--- Task inputs ---
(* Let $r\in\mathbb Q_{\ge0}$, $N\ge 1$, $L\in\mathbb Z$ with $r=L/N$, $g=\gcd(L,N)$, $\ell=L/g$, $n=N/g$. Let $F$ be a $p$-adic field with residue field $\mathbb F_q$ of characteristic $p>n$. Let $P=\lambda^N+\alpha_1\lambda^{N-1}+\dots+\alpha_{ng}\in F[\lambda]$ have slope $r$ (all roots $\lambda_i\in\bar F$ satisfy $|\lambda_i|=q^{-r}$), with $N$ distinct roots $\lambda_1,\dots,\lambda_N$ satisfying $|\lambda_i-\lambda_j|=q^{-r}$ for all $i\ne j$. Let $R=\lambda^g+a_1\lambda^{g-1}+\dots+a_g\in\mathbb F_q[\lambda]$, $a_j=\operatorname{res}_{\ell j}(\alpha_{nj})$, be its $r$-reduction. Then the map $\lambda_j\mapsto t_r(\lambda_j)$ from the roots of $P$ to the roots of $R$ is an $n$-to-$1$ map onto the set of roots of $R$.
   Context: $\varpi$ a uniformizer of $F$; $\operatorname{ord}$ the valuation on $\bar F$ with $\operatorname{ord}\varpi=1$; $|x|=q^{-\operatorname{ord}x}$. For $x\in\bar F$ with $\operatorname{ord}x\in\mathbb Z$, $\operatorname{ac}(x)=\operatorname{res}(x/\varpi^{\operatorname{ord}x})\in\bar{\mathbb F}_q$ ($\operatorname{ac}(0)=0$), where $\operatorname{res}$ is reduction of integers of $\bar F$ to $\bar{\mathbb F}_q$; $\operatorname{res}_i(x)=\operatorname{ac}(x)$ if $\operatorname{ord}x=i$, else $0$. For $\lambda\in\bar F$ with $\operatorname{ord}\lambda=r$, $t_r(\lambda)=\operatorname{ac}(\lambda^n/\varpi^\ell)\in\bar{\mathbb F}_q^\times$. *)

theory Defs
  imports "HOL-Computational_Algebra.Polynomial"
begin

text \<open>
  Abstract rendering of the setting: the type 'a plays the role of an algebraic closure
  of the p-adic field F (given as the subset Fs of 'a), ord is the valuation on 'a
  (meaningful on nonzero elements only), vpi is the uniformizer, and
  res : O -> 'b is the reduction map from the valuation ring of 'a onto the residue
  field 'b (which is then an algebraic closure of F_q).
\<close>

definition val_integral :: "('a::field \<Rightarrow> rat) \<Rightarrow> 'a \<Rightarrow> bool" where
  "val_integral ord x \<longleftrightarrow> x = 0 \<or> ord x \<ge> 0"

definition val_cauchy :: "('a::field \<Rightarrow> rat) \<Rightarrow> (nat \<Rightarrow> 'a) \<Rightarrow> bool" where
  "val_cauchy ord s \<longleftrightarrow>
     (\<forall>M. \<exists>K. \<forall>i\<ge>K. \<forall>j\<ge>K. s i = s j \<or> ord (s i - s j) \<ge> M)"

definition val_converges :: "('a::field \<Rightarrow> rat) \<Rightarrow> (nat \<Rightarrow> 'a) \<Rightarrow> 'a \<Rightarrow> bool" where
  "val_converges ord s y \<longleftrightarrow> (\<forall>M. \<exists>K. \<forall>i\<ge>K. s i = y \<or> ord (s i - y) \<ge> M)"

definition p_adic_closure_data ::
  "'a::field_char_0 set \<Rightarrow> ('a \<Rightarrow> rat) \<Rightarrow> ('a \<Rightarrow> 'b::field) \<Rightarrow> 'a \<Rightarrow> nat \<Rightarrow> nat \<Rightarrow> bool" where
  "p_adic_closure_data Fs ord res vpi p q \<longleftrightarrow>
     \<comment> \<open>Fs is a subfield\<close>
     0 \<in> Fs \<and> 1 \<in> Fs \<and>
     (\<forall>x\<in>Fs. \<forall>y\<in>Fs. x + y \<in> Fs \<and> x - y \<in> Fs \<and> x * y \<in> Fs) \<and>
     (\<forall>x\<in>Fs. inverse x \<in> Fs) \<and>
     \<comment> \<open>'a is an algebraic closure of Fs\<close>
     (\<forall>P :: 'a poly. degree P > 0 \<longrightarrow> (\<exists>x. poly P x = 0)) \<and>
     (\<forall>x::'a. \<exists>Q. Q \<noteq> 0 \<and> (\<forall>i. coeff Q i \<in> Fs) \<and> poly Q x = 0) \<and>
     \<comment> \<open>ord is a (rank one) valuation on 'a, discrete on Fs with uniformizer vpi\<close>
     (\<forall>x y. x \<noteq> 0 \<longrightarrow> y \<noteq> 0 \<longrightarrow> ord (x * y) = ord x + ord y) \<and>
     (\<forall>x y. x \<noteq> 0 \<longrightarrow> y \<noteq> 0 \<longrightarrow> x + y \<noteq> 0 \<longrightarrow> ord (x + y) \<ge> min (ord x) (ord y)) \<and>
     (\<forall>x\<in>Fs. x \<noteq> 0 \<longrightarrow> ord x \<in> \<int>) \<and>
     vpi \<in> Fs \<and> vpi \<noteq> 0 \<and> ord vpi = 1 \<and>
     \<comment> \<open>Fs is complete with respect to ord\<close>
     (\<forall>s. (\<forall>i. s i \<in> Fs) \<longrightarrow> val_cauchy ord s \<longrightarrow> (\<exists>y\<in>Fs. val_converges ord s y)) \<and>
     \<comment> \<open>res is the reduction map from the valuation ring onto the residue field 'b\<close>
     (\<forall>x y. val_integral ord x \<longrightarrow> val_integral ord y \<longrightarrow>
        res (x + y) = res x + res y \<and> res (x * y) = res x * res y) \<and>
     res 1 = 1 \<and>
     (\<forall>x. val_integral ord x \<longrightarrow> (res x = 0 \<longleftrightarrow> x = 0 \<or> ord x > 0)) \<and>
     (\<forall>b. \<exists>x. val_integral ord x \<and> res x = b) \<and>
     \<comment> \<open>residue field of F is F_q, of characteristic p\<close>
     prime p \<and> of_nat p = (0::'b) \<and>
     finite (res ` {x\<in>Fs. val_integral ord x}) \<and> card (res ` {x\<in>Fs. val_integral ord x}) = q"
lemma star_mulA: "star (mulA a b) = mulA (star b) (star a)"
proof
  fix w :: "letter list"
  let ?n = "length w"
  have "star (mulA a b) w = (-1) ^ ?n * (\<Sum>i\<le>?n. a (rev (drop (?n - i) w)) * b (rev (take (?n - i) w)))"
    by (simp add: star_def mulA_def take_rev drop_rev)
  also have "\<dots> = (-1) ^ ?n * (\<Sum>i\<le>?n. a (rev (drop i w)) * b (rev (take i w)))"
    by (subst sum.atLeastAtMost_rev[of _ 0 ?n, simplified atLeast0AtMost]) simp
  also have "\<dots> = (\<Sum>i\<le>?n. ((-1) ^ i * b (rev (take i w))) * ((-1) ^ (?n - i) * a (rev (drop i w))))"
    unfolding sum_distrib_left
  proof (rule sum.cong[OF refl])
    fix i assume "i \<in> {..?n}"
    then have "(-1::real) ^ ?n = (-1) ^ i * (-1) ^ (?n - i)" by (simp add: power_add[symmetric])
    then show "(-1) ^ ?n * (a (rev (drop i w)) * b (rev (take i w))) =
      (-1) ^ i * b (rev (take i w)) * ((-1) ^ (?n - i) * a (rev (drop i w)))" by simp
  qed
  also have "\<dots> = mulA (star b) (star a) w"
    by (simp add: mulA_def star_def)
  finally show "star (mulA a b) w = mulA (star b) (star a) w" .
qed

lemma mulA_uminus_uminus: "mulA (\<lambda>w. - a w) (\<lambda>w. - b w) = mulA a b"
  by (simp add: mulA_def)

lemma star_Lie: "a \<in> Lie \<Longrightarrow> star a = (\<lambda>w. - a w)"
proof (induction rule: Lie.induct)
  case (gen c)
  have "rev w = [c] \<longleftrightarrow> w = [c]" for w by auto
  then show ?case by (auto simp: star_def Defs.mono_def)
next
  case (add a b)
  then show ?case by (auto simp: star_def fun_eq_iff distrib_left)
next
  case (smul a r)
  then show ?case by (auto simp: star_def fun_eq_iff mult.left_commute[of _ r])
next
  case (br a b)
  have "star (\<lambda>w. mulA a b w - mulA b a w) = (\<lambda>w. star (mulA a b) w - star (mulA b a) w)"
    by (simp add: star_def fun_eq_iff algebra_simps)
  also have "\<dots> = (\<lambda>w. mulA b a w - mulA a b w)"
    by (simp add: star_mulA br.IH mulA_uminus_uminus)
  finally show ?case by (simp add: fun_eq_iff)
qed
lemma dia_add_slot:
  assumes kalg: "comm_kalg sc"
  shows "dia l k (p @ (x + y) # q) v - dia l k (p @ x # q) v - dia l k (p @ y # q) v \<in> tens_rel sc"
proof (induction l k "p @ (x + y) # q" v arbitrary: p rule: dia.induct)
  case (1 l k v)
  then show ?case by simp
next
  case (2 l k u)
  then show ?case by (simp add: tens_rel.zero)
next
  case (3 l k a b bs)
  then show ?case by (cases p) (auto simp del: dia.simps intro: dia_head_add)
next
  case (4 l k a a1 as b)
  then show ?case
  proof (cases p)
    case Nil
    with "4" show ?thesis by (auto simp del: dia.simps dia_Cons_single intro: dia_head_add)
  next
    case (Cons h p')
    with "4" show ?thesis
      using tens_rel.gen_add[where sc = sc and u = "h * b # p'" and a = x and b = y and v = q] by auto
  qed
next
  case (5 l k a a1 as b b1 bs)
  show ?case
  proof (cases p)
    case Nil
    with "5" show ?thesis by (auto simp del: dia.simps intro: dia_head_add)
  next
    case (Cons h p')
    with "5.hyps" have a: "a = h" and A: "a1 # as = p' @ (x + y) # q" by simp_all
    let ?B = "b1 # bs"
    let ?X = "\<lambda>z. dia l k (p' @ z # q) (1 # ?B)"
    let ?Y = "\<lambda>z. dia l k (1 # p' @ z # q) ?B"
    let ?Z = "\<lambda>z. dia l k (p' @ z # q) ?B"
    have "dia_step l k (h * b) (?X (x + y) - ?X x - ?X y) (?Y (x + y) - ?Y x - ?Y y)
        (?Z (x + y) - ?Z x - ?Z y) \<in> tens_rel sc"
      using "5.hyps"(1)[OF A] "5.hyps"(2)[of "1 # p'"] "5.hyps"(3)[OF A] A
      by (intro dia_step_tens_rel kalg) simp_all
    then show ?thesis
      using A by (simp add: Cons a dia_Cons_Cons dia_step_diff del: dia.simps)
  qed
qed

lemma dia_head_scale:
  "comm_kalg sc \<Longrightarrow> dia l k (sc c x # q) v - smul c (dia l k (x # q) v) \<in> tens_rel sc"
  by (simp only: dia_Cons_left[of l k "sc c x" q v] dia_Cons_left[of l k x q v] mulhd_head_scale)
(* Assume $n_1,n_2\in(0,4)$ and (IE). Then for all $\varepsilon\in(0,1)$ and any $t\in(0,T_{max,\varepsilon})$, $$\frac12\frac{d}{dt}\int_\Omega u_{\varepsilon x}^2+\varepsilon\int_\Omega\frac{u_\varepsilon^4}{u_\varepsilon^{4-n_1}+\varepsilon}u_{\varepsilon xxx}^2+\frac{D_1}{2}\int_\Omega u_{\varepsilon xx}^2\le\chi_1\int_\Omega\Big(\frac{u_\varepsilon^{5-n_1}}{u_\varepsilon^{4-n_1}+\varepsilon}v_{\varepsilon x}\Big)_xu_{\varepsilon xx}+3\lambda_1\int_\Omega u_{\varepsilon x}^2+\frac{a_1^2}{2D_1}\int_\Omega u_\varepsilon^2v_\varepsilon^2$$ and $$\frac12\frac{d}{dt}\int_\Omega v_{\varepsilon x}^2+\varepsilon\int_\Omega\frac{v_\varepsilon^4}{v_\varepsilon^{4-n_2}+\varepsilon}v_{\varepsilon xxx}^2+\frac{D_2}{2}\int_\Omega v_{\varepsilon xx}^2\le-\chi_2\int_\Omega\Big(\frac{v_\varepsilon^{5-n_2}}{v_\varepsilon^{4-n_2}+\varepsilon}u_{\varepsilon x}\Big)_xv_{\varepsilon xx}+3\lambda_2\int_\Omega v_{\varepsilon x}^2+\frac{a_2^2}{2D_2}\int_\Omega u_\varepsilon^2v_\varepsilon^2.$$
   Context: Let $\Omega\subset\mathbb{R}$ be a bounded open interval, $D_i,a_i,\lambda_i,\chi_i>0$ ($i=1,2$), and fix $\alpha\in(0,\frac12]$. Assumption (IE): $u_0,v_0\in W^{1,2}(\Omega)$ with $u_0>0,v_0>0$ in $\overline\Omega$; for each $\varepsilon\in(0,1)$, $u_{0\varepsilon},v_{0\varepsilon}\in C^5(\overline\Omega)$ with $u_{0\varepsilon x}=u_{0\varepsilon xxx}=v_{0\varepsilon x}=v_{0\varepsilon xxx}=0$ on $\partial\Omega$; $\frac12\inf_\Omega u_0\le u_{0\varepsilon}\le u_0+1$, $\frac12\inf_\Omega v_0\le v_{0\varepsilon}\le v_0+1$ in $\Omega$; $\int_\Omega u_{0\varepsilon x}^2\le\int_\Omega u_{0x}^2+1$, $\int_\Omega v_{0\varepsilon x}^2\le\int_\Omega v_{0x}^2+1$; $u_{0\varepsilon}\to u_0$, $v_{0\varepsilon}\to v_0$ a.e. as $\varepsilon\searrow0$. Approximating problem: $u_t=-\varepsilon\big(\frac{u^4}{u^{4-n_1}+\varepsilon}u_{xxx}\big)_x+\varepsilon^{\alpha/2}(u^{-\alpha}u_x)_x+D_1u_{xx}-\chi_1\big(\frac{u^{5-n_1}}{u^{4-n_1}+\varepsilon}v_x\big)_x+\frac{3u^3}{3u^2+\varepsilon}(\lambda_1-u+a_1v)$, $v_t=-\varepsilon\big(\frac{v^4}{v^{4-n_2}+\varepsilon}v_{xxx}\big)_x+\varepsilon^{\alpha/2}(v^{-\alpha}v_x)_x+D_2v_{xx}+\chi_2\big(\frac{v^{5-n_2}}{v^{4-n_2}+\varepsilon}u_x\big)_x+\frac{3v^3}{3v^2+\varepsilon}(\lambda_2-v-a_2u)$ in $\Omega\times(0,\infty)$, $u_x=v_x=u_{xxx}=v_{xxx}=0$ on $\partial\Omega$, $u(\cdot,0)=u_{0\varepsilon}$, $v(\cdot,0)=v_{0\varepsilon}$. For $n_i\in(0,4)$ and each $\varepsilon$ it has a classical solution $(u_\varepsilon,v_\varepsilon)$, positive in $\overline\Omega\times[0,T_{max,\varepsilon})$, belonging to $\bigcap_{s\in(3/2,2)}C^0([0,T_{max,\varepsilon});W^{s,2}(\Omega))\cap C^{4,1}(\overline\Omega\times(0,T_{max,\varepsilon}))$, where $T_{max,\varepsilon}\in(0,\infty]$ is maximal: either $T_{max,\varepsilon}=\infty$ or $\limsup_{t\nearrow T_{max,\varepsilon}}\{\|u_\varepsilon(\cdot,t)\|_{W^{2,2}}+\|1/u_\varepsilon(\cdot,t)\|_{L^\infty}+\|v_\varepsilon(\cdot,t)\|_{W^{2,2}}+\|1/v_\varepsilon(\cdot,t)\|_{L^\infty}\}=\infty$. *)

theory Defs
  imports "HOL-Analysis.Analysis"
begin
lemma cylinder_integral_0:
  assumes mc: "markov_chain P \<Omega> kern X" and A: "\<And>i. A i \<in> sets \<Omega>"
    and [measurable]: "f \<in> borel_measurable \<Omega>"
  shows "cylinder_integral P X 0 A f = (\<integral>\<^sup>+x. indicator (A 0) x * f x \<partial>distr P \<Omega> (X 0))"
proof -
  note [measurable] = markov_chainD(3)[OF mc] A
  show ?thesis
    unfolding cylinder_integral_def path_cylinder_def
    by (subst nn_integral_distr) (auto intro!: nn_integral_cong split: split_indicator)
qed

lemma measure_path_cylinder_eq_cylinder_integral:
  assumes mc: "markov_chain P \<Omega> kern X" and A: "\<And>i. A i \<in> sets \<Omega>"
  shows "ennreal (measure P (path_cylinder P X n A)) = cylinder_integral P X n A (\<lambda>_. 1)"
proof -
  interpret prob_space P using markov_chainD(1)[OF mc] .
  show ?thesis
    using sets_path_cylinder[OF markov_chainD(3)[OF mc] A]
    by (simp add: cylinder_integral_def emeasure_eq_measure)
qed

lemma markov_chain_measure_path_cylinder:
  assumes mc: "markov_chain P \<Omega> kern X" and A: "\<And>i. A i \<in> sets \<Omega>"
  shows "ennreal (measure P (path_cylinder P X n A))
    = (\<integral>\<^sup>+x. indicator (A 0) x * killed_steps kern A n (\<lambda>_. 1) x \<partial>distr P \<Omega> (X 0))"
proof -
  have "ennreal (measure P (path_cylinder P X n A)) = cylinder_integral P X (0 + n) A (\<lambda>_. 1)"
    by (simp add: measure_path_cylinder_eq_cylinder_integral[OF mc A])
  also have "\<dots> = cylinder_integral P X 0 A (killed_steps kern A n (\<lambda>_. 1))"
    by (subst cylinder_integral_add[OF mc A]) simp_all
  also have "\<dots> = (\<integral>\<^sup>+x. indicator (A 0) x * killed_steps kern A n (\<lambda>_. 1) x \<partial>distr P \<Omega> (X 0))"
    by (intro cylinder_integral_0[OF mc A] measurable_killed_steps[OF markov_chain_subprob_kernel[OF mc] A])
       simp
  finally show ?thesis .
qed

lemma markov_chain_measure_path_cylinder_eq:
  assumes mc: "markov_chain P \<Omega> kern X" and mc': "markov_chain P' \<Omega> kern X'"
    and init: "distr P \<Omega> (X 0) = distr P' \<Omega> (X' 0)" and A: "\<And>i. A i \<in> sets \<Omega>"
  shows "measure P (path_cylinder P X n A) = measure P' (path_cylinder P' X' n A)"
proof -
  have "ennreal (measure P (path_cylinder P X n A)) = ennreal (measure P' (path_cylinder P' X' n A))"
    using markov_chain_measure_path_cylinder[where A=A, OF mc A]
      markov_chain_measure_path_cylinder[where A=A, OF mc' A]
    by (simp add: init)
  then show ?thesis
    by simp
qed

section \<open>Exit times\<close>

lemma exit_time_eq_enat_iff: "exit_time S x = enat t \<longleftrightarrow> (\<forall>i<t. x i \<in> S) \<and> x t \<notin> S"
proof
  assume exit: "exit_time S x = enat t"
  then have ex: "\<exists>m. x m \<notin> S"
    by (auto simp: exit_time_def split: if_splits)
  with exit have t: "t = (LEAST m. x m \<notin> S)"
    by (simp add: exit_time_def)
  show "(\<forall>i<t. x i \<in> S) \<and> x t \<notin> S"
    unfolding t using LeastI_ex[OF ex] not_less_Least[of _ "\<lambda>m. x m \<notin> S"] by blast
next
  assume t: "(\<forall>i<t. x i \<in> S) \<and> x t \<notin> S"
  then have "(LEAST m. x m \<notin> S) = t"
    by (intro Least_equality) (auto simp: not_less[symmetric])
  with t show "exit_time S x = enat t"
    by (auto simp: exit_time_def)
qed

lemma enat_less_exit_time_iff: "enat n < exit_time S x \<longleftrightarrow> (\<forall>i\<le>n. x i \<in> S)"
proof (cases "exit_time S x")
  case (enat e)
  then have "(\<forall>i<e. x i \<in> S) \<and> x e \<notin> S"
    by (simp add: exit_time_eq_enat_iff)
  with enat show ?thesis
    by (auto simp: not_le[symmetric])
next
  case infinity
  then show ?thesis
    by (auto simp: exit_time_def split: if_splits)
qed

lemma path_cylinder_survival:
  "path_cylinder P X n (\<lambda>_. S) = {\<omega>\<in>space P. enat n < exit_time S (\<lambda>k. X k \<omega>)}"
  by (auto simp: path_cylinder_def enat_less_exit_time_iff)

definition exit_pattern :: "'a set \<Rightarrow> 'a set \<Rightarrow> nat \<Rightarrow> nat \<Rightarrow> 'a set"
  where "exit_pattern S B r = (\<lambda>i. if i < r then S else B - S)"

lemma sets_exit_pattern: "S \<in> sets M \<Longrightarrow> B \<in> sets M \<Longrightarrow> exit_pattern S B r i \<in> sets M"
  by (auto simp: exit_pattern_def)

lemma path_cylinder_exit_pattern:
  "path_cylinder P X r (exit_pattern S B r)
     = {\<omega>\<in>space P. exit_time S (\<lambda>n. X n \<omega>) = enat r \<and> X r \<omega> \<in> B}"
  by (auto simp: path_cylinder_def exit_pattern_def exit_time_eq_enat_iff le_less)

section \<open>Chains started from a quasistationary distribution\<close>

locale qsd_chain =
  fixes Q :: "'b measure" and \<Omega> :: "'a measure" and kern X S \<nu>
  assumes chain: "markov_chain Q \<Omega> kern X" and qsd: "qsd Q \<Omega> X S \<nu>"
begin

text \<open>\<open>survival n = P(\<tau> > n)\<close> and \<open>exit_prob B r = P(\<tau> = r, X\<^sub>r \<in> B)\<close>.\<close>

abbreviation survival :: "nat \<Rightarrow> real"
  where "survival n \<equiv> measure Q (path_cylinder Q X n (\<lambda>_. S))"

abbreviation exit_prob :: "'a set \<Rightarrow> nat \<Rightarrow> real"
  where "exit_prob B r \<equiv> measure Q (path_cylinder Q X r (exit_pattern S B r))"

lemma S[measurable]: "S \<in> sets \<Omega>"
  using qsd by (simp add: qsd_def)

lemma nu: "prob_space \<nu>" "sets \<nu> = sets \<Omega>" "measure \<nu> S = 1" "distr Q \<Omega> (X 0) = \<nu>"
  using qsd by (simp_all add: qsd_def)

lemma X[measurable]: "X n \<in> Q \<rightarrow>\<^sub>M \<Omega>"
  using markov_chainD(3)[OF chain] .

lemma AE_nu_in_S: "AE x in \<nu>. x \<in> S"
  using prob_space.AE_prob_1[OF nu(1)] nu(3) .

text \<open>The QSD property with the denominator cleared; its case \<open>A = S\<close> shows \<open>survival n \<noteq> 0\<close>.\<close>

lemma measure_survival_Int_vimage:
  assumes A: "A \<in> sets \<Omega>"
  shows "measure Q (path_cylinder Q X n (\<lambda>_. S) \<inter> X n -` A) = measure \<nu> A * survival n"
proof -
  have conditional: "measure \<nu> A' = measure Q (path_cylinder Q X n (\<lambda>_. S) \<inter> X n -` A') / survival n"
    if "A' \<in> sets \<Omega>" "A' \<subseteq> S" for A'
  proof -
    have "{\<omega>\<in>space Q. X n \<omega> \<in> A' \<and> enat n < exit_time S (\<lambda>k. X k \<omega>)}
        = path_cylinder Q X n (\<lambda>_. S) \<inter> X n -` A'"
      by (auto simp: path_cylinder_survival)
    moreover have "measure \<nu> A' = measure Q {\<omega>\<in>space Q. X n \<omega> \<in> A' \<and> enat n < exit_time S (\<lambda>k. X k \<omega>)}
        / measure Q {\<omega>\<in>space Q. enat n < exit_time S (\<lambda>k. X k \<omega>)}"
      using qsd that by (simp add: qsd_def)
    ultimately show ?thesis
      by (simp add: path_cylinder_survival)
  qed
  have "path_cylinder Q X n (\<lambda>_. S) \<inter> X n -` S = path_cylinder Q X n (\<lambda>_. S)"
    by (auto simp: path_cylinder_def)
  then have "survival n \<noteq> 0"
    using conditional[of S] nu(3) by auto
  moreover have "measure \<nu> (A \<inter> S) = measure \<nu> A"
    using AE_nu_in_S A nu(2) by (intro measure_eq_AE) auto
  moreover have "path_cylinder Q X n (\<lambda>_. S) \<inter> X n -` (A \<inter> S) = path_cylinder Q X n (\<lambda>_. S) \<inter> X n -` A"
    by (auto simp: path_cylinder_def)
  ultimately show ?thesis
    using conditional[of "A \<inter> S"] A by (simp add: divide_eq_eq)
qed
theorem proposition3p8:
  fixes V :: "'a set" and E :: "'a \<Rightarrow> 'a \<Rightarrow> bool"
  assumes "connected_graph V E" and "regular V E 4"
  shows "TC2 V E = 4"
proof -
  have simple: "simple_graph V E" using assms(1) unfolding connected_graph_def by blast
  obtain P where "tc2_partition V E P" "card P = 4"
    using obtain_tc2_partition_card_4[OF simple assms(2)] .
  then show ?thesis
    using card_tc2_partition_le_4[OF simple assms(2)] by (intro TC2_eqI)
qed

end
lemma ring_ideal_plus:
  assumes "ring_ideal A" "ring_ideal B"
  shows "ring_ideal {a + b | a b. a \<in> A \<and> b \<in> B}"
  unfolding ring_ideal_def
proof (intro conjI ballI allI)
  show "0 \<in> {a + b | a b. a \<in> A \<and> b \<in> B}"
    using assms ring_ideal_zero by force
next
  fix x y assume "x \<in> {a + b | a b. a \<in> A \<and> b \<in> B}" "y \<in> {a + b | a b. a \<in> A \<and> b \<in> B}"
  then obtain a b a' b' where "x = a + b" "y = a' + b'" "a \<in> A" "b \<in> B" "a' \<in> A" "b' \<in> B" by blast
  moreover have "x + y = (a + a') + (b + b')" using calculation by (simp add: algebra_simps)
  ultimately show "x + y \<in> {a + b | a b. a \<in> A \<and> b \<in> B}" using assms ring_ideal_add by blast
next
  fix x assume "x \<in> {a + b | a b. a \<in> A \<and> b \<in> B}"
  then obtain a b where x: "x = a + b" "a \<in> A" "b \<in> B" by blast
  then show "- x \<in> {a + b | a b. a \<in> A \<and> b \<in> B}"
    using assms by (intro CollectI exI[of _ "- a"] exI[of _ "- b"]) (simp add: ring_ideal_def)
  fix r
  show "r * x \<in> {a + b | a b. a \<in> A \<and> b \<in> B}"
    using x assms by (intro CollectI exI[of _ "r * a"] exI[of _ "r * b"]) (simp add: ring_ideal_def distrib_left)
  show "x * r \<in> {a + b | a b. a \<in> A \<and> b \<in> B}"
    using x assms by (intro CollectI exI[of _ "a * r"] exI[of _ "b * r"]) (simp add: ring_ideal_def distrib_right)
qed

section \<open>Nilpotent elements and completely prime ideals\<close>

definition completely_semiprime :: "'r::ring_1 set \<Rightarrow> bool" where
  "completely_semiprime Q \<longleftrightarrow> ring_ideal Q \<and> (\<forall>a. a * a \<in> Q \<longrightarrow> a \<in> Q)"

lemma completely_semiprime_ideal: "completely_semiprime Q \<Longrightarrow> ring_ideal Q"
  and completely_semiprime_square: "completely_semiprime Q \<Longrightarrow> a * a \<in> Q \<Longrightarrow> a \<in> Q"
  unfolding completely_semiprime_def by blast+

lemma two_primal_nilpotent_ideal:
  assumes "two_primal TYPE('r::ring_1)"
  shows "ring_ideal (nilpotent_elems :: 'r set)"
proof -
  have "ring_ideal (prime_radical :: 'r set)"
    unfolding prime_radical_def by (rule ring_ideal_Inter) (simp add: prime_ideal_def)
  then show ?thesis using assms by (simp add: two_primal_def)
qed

--- Exercise brief ---
The answer is the run of lines above from the line containing "case infinity" through the line containing "P X r (exit_pattern S B r)", copied exactly and alone.

--- Solution to this exercise ---
  case infinity
  then show ?thesis
    by (auto simp: exit_time_def split: if_splits)
qed

lemma path_cylinder_survival:
  "path_cylinder P X n (\<lambda>_. S) = {\<omega>\<in>space P. enat n < exit_time S (\<lambda>k. X k \<omega>)}"
  by (auto simp: path_cylinder_def enat_less_exit_time_iff)

definition exit_pattern :: "'a set \<Rightarrow> 'a set \<Rightarrow> nat \<Rightarrow> nat \<Rightarrow> 'a set"
  where "exit_pattern S B r = (\<lambda>i. if i < r then S else B - S)"

lemma sets_exit_pattern: "S \<in> sets M \<Longrightarrow> B \<in> sets M \<Longrightarrow> exit_pattern S B r i \<in> sets M"
  by (auto simp: exit_pattern_def)

lemma path_cylinder_exit_pattern:
  "path_cylinder P X r (exit_pattern S B r)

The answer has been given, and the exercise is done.